|Spring flowers from a friend.|
This day, in many ways, was like a thousand other days. I moved through it completing tasks, resting, completing tasks, resting and discovering that the more I try to do, the greater are my aspirations for what I might accomplish. It is now, in the twilight hours of the day, that I reflect upon my accomplishments, my disappointments and the things for which I am grateful. With just three columns, I can sort my day and take stock of how I spent it.

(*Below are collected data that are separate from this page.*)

definition weak_commutant ::
  "(complex \<Rightarrow> 'h::ab_group_add \<Rightarrow> 'h) \<Rightarrow> ('h \<Rightarrow> 'h \<Rightarrow> complex) \<Rightarrow> 'h set \<Rightarrow> ('h \<Rightarrow> 'h) set
     \<Rightarrow> ('h \<Rightarrow> 'h) set" where
  "weak_commutant sc ip D M =
     {C. bounded_op sc ip C \<and>
         (\<forall>X\<in>M. \<forall>\<xi>\<in>D. \<forall>\<eta>\<in>D. ip (X \<xi>) (hadj ip C \<eta>) = ip (C \<xi>) (dagger ip D X \<eta>))}"

definition seminorm_on :: "(complex \<Rightarrow> 'a::ab_group_add \<Rightarrow> 'a) \<Rightarrow> 'a set \<Rightarrow> ('a \<Rightarrow> real) \<Rightarrow> bool" where
  "seminorm_on sc S p \<longleftrightarrow>
     (\<forall>x\<in>S. \<forall>y\<in>S. p (x + y) \<le> p x + p y) \<and> (\<forall>c. \<forall>x\<in>S. p (sc c x) = cmod c * p x)"

definition cont_seminorm_on :: "('a \<Rightarrow> real) set \<Rightarrow> 'a set \<Rightarrow> ('a \<Rightarrow> real) \<Rightarrow> bool" where
  "cont_seminorm_on P S p \<longleftrightarrow>
     (\<exists>F c. finite F \<and> F \<subseteq> P \<and> (\<forall>x\<in>S. p x \<le> c * (\<Sum>q\<in>F. q x)))"

definition cont_map :: "('a \<Rightarrow> real) set \<Rightarrow> ('a \<Rightarrow> 'a) \<Rightarrow> bool" where
  "cont_map P f \<longleftrightarrow> (\<forall>p\<in>P. cont_seminorm_on P UNIV (\<lambda>x. p (f x)))"

definition complete_lc :: "('a::ab_group_add \<Rightarrow> real) set \<Rightarrow> bool" where
  "complete_lc P \<longleftrightarrow>
     (\<forall>F::'a filter. F \<noteq> bot \<longrightarrow>
        (\<forall>p\<in>P. \<forall>e>0. eventually (\<lambda>(x, y). p (x - y) < e) (F \<times>\<^sub>F F)) \<longrightarrow>
        (\<exists>l. \<forall>p\<in>P. \<forall>e>0. eventually (\<lambda>x. p (x - l) < e) F))"

text \<open>The ambient type 'a is the completion A; A0 is the dense *-subalgebra;
  mul a b is the (partial) product, meaningful when a or b lies in A0.\<close>

definition lc_quasi_star_algebra_unit ::
  "(complex \<Rightarrow> 'a::ab_group_add \<Rightarrow> 'a) \<Rightarrow> 'a set \<Rightarrow> ('a \<Rightarrow> 'a) \<Rightarrow> ('a \<Rightarrow> 'a \<Rightarrow> 'a)
     \<Rightarrow> 'a \<Rightarrow> ('a \<Rightarrow> real) set \<Rightarrow> bool" where
  "lc_quasi_star_algebra_unit sc A0 star mul e P \<longleftrightarrow>
     vector_space sc \<and> module.subspace sc A0 \<and>
     (\<forall>x\<in>A0. \<forall>y\<in>A0. mul x y \<in> A0) \<and> (\<forall>x\<in>A0. star x \<in> A0) \<and>
     \<comment> \<open>bilinearity of the products a x, x a  (a \<in> A, x \<in> A0)\<close>
     (\<forall>x\<in>A0. \<forall>a b. mul (a + b) x = mul a x + mul b x \<and> mul x (a + b) = mul x a + mul x b) \<and>
     (\<forall>x\<in>A0. \<forall>y\<in>A0. \<forall>a. mul a (x + y) = mul a x + mul a y \<and> mul (x + y) a = mul x a + mul y a) \<and>
     (\<forall>x\<in>A0. \<forall>a c. mul (sc c a) x = sc c (mul a x) \<and> mul a (sc c x) = sc c (mul a x) \<and>
        mul (sc c x) a = sc c (mul x a) \<and> mul x (sc c a) = sc c (mul x a)) \<and>
     \<comment> \<open>associativity laws\<close>
     (\<forall>x1\<in>A0. \<forall>x2\<in>A0. \<forall>a.
        mul (mul x1 a) x2 = mul x1 (mul a x2) \<and>
        mul x1 (mul x2 a) = mul (mul x1 x2) a \<and>
        mul (mul a x1) x2 = mul a (mul x1 x2)) \<and>
     \<comment> \<open>involution\<close>
     (\<forall>a. star (star a) = a) \<and> (\<forall>a b. star (a + b) = star a + star b) \<and>
     (\<forall>c a. star (sc c a) = sc (cnj c) (star a)) \<and>
     (\<forall>x\<in>A0. \<forall>a. star (mul a x) = mul (star x) (star a) \<and> star (mul x a) = mul (star a) (star x)) \<and>
     \<comment> \<open>identity\<close>
     e \<in> A0 \<and> (\<forall>a. mul e a = a \<and> mul a e = a) \<and>
     \<comment> \<open>locally convex topology \<tau> given by the family P of seminorms\<close>
     (\<forall>p\<in>P. seminorm_on sc UNIV p) \<and>
     (\<forall>a. (\<forall>p\<in>P. p a = 0) \<longrightarrow> a = 0) \<and>
     cont_map P star \<and> (\<forall>x\<in>A0. cont_map P (\<lambda>a. mul a x) \<and> cont_map P (\<lambda>a. mul x a)) \<and>
     \<comment> \<open>A is the \<tau>-completion of A0: A complete and A0 dense\<close>
     complete_lc P \<and>
     (\<forall>a. \<forall>F. finite F \<longrightarrow> F \<subseteq> P \<longrightarrow> (\<forall>eps>0. \<exists>x\<in>A0. (\<Sum>q\<in>F. q (a - x)) < eps))"

end

theory Submission
  imports Defs
begin

text \<open>The inclusion \<open>\<pi>(A)'\<^sub>w \<subseteq> \<pi>(A0)'\<^sub>w\<close> is trivial. Conversely, for \<open>C \<in> \<pi>(A0)'\<^sub>w\<close> the
  commutation identity \<open>\<langle>\<lambda>(x a), C\<^sup>* \<lambda> b\<rangle> = \<langle>C \<lambda> a, \<lambda>(x\<^sup>* b)\<rangle>\<close> holds for \<open>x \<in> A0\<close>, and both
  sides are additive and \<open>\<tau>\<close>-continuous in \<open>x\<close> once \<open>\<lambda>\<close> is known to be \<open>\<tau>\<close>-continuous; density of
  \<open>A0\<close> then gives it for all \<open>x \<in> A\<close>, and the same argument shows \<open>\<pi>(x)\<^sup>\<dagger> \<lambda> b = \<lambda>(x\<^sup>* b)\<close>.
  Continuity of \<open>\<lambda>\<close> is where the domination \<open>\<omega>(a\<^sup>* a) \<le> p(a)\<^sup>2\<close> enters: it gives
  \<open>\<parallel>\<lambda> a\<parallel> \<le> p(a)\<close> on \<open>A0\<close>, and for general \<open>y\<close> the norm \<open>\<parallel>\<lambda> y\<parallel>\<close> is recovered from the inner
  products \<open>\<langle>\<lambda> y, \<lambda> c\<rangle> = \<omega>(c\<^sup>* y)\<close>, \<open>c \<in> A0\<close>, which are \<open>\<tau>\<close>-continuous in \<open>y\<close>.\<close>

lemma additive_linear: "Vector_Spaces.linear s1 s2 f \<Longrightarrow> Modules.additive f"
  by (simp add: Modules.additive.intro Vector_Spaces.linear_iff)

context
  fixes sH :: "complex \<Rightarrow> 'h::ab_group_add \<Rightarrow> 'h" and ip :: "'h \<Rightarrow> 'h \<Rightarrow> complex"
  assumes H: "hilbert_space sH ip"
begin

lemma ip_add_left: "ip (x + y) z = ip x z + ip y z"
  using H unfolding hilbert_space_def by (elim conjE allE) assumption

lemma ip_scale_left: "ip (sH c x) y = c * ip x y"
  using H unfolding hilbert_space_def by (elim conjE allE) assumption

lemma ip_cnj: "ip y x = cnj (ip x y)"
  using H unfolding hilbert_space_def by (elim conjE allE) assumption

lemma ip_self_real: "Im (ip x x) = 0"
  using H unfolding hilbert_space_def by (elim conjE allE) assumption

lemma ip_self_nonneg: "0 \<le> Re (ip x x)"
  using H unfolding hilbert_space_def by (elim conjE allE) assumption

lemma ip_self_eq_0: "ip x x = 0 \<Longrightarrow> x = 0"
  using H unfolding hilbert_space_def by (elim conjE allE) (erule mp)

lemma additive_ip_left: "Modules.additive (\<lambda>x. ip x z)"
  by (simp add: Modules.additive.intro ip_add_left)

lemma additive_ip_right: "Modules.additive (\<lambda>x. ip z x)"
proof
  fix x y
  show "ip z (x + y) = ip z x + ip z y"
    using ip_cnj[of z "x + y"] ip_cnj[of z x] ip_cnj[of z y] by (simp add: ip_add_left)
qed

lemmas ip_diff_left = Modules.additive.diff[OF additive_ip_left]
  and ip_diff_right = Modules.additive.diff[OF additive_ip_right]

lemma ip_scale_right: "ip x (sH c y) = cnj c * ip x y"
  by (metis ip_cnj ip_scale_left complex_cnj_mult complex_cnj_cnj)

lemma ip_self_of_real: "ip x x = complex_of_real (Re (ip x x))"
  using ip_self_real[of x] by (simp add: complex_eq_iff)

lemma hnorm_nonneg: "0 \<le> hnorm ip x"
  unfolding hnorm_def using ip_self_nonneg by simp

lemma hnorm_square: "(hnorm ip x)\<^sup>2 = Re (ip x x)"
  unfolding hnorm_def using ip_self_nonneg by simp

lemma hnorm_minus_commute: "hnorm ip (x - y) = hnorm ip (y - x)"
proof -
  have "ip (- z) (- z) = ip z z" for z
    by (simp add: Modules.additive.minus[OF additive_ip_left] Modules.additive.minus[OF additive_ip_right])
  from this[of "y - x"] show ?thesis
    by (simp add: hnorm_def)
qed

lemma hnorm_eq_0: "hnorm ip x = 0 \<Longrightarrow> x = 0"
  using hnorm_square[of x] ip_self_of_real[of x] by (simp add: ip_self_eq_0)

lemma cauchy_schwarz: "cmod (ip x y) \<le> hnorm ip x * hnorm ip y"
proof (cases "y = 0")
  case True
  then show ?thesis by (simp add: Modules.additive.zero[OF additive_ip_right] hnorm_nonneg)
next
  case False
  define B where "B = Re (ip y y)"
  define C where "C = ip x y"
  have "B \<noteq> 0"
    using False unfolding B_def by (metis ip_self_eq_0 ip_self_of_real of_real_0)
  with ip_self_nonneg[of y] have B: "0 < B" unfolding B_def by linarith
  have yy: "ip y y = complex_of_real B" using ip_self_of_real B_def by metis
  have cc: "complex_of_real (cmod C) * complex_of_real (cmod C) = C * cnj C"
    using complex_norm_square[of C] by (simp add: power2_eq_square)
  \<comment> \<open>expand \<open>0 \<le> \<langle>x - t y, x - t y\<rangle>\<close> with the optimal \<open>t = \<langle>x, y\<rangle> / \<langle>y, y\<rangle>\<close>\<close>
  define t where "t = C / complex_of_real B"
  have "ip (x - sH t y) (x - sH t y) = ip x x - cnj t * C - t * cnj C + t * cnj t * ip y y"
    using ip_cnj[of y x] unfolding C_def
    by (simp add: ip_diff_left ip_diff_right ip_scale_left ip_scale_right algebra_simps)
  also have "\<dots> = ip x x - complex_of_real ((cmod C)\<^sup>2 / B)"
    unfolding t_def yy using B cc by (simp add: field_simps power2_eq_square)
  finally have "(cmod C)\<^sup>2 / B \<le> Re (ip x x)"
    using ip_self_nonneg[of "x - sH t y"] by simp
  then have "(cmod C)\<^sup>2 \<le> (hnorm ip x * hnorm ip y)\<^sup>2"
    using B unfolding B_def power_mult_distrib hnorm_square by (simp add: field_simps)
  then show ?thesis
    unfolding C_def using hnorm_nonneg power2_le_imp_le by (metis mult_nonneg_nonneg)
qed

|Scratch Chocolate Cake and Vanilla Frosting|
|Seasoned olive oil|
Among the accomplishments about which I am most excited are the homes I found for numerous of the items that I have inherited from my parents’ estate. Winning first place for aesthetic appeal was the placement of my mother’s antique cherry desk in our library under a wall-hanging my sister made for my daughter when she was born. I am still noodling over the storage problems that have been generated by five cartons of record albums dating from 1890 - 1975. I was pleased to make a special oil mixture that contains ten herbs and spices for my son. For my husband, I made a chocolate cake with vanilla frosting, his favorite cake for as long as I have known him. I was delighted that the practice I have put in on the piano was evident to my teacher -- proving we are never too old to appreciate verbal praise! Those are the salient accomplishments that I can claim.

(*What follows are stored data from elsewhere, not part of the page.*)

lemma wronskian_fa_exp:
  "wronskian (map (fa z \<mu>) [0..<n] @ [\<lambda>t. exp (u * t)]) x
     = exp (u * x + (\<Sum>a<n. z a) * x)
       * det (mat n n (\<lambda>(a, l). (u - z a) * ((x + \<mu> a) * z a ^ l + of_nat l * z a ^ (l - 1)) - z a ^ l))"
proof -
  define e where "e a = (if a < n then exp (z a * x) else exp (u * x))" for a
  define m where "m a l = (if a < n then (x + \<mu> a) * z a ^ l + of_nat l * z a ^ (l - 1) else u ^ l)"
    for a l
  have "wronskian (map (fa z \<mu>) [0..<n] @ [\<lambda>t. exp (u * t)]) x
      = det (mat (Suc n) (Suc n) (\<lambda>(a, l). e a * m a l))"
    unfolding wronskian_def
    by (auto simp: e_def m_def nth_append higher_deriv_fa higher_deriv_exp_linear less_Suc_eq
        intro!: arg_cong[where f = det] eq_matI)
  also have "\<dots> = (\<Prod>a<Suc n. e a) * det (mat (Suc n) (Suc n) (\<lambda>(a, l). m a l))"
    by (rule det_scale_rows)
  also have "(\<Prod>a<Suc n. e a) = exp (u * x + (\<Sum>a<n. z a) * x)"
    by (simp add: e_def exp_add exp_sum sum_distrib_right)
  also have "det (mat (Suc n) (Suc n) (\<lambda>(a, l). m a l))
      = det (mat n n (\<lambda>(a, k). u * m a k - m a (Suc k)))"
    by (subst det_last_row_powers[of _ _ u]) (auto simp: m_def intro!: arg_cong[where f = det] eq_matI)
  also have "mat n n (\<lambda>(a, k). u * m a k - m a (Suc k))
      = mat n n (\<lambda>(a, l). (u - z a) * ((x + \<mu> a) * z a ^ l + of_nat l * z a ^ (l - 1)) - z a ^ l)"
  proof -
    have "u * m a k - m a (Suc k)
        = (u - z a) * ((x + \<mu> a) * z a ^ k + of_nat k * z a ^ (k - 1)) - z a ^ k"
      if "a < n" for a k
      using that by (cases k) (simp_all add: m_def algebra_simps)
    then show ?thesis by (intro cong_mat) auto
  qed
  finally show ?thesis .
qed

theorem lemma4p1:
  fixes n :: nat and z \<mu> :: "nat \<Rightarrow> complex" and u x :: complex
  assumes "inj_on z {..<n}"
  shows "exp (- (u * x) - (\<Sum>a<n. z a) * x)
           * wronskian (map (fa z \<mu>) [0..<n] @ [\<lambda>t. exp (u * t)]) x
         = Delta n z * det ((u \<cdot>\<^sub>m 1\<^sub>m n - Zmat n z) * (x \<cdot>\<^sub>m 1\<^sub>m n - Qmat n z \<mu>) - 1\<^sub>m n)
       \<and> exp (- ((\<Sum>a<n. z a) * x)) * wronskian (map (fa z \<mu>) [0..<n]) x
         = Delta n z * det (x \<cdot>\<^sub>m 1\<^sub>m n - Qmat n z \<mu>)"
proof -
  let ?Y = "mat_diag n (\<lambda>a. x + \<mu> a)"
  have XQ: "x \<cdot>\<^sub>m 1\<^sub>m n - Qmat n z \<mu> = ?Y + cauchy_mat n z"
    by (rule eq_matI) (auto simp: Qmat_def hh_def cauchy_mat_def mat_diag_def minus_divide_right)
  have UZ: "u \<cdot>\<^sub>m 1\<^sub>m n - Zmat n z = mat_diag n (\<lambda>a. u - z a)"
    by (rule eq_matI) (auto simp: Zmat_def mat_diag_def)
  have UZQ: "(u \<cdot>\<^sub>m 1\<^sub>m n - Zmat n z) * (?Y + cauchy_mat n z) - 1\<^sub>m n
      = mat_diag n (\<lambda>a. u - z a) * (?Y + cauchy_mat n z) + mat_diag n (\<lambda>_. -1)"
    unfolding UZ by (rule eq_matI) (auto simp: mat_diag_def)
  have YC: "1\<^sub>m n * (?Y + cauchy_mat n z) + mat_diag n (\<lambda>_. 0) = ?Y + cauchy_mat n z"
    by (rule eq_matI) (auto simp: mat_diag_def cauchy_mat_def)
  show ?thesis
    unfolding XQ
    using det_vandermonde_derivative_rows[OF assms, of "\<lambda>a. u - z a" "\<lambda>a. x + \<mu> a" "\<lambda>_. -1"]
      det_vandermonde_derivative_rows[OF assms, of "\<lambda>_. 1" "\<lambda>a. x + \<mu> a" "\<lambda>_. 0"]
    by (simp add: wronskian_fa wronskian_fa_exp UZQ YC mult.assoc[symmetric] flip: exp_add)
qed

end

Disappointments? I have had a few. I couldn’t go outside and muck in the mud to prepare the garden for spring plantings. I never made it to the post office to mail my correspondence or pick up my letters. I merely managed to copy over my list of jobs that need to be done, I didn’t cross off anything. I spend more time recumbent than standing. That is a major disappointment. I wanted to complete all my deskwork, tasks that I can’t imagine anyone enjoys. I procrastinated. When I try to justify my disappointing behavior, my mind runs a screening of the L’Oreal commercial; it ends with a tagline that proclaims the truth I am just beginning to incorporate into my thinking.. I can do as I choose with my day Because I’m worth it.

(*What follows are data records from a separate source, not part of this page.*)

(* For any pair of positive integers $r_1,r_2$, there exists a strongly connected digraph $G$ such that its inner out-radius is $r^+(G)=r_1$ and its inner in-radius is $r^-(G)=r_2$.
   Context: Digraphs are finite and may have loops and multiple arcs. $\mathrm{dist}_G(u,v)$ is the length of a shortest directed walk from $u$ to $v$ ($\infty$ if none). The inner out-eccentricity of $u$ is $\mathrm{ecc}^+(u)=\max\{\mathrm{dist}_G(u,v): \mathrm{dist}_G(u,v)<\infty\}$ and the inner in-eccentricity is $\mathrm{ecc}^-(u)=\max\{\mathrm{dist}_G(v,u): \mathrm{dist}_G(v,u)<\infty\}$ (maxima over $v\in V(G)$). The inner out-radius is $r^+(G)=\min_{u}\mathrm{ecc}^+(u)$ and the inner in-radius is $r^-(G)=\min_u \mathrm{ecc}^-(u)$. *)

theory Defs
  imports Main "HOL-Library.Extended_Nat" "Graph_Theory.Graph_Theory"
begin

text \<open>Digraphs are AFP Graph_Theory pre_digraph records (loops and multiple arcs allowed);
  finiteness and well-formedness via fin_digraph.\<close>

definition dg_dist :: "('a,'b) pre_digraph \<Rightarrow> 'a \<Rightarrow> 'a \<Rightarrow> enat" where
  "dg_dist G u v = (INF p \<in> {p. pre_digraph.awalk G u p v}. enat (length p))"

definition ecc_out :: "('a,'b) pre_digraph \<Rightarrow> 'a \<Rightarrow> nat" where
  "ecc_out G u = Max {the_enat (dg_dist G u v) | v. v \<in> verts G \<and> dg_dist G u v < \<infinity>}"

definition ecc_in :: "('a,'b) pre_digraph \<Rightarrow> 'a \<Rightarrow> nat" where
  "ecc_in G u = Max {the_enat (dg_dist G v u) | v. v \<in> verts G \<and> dg_dist G v u < \<infinity>}"

definition out_radius :: "('a,'b) pre_digraph \<Rightarrow> nat" where
  "out_radius G = Min (ecc_out G ` verts G)"

definition in_radius :: "('a,'b) pre_digraph \<Rightarrow> nat" where
  "in_radius G = Min (ecc_in G ` verts G)"

end

theory Submission
  imports Defs "HOL-Library.Nat_Bijection"
begin

text \<open>For 1 \<le> a \<le> b take the digraph on {0, ..., 2b} formed by the cycle
  0 -> 1 -> ... -> a-1 -> a -> 0, the path 2b -> 2b-1 -> ... -> a, and arcs from a-1 to every
  vertex of that path. Vertex 0 reaches every vertex within a steps, and every vertex reaches b
  within b steps. The matching lower bounds come from potentials: if f y \<le> f x + 1 along every
  arc x -> y, then the distance from u to v is at least f v - f u, and for each vertex a suitable
  piecewise linear f exhibits a vertex at distance at least a from it (resp. at least b to it).
  Reversing all arcs swaps the two radii, which covers the case r1 > r2.\<close>

lemma relpow_converse: "(R\<inverse>) ^^ k = (R ^^ k)\<inverse>" for R :: "'a rel"
proof (induction k)
  case (Suc k)
  have "(R\<inverse>) ^^ Suc k = (R ^^ k)\<inverse> O R\<inverse>" using Suc by simp
  also have "\<dots> = (R O R ^^ k)\<inverse>" by (rule converse_relcomp[symmetric])
  also have "\<dots> = (R ^^ Suc k)\<inverse>" by (simp only: relpow_commute relpow.simps)
  finally show ?case .
qed simp

lemma relpow_chain:
  assumes "\<And>i. i < m \<Longrightarrow> (f i, f (Suc i)) \<in> R"
  shows "(f 0, f m) \<in> R ^^ m"
  using assms by (induction m) auto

The numbers of things for which I am grateful is extensive and growing. At the top of any such list I must always start with the love I feel from my family and friends. Talking to my children, wherever they are, always lifts my spirits. The fact that local as well as distant friends make time to visit with me by phone or in person makes me feel special and loved. That my spirit can almost always be lifted by love and beauty in any of their many forms is a gift.
With the start of each day, we can choose to live with an attitude of hope or despair. I picture hope and despair being like hungry, stray cats meowing at the door. Whichever one I invite in will make itself at home. Whichever one I feed will be mine for as long as I feed it. Today, this day, I chose hope.
Note about today: Had my mother survived, she would have been eighty today.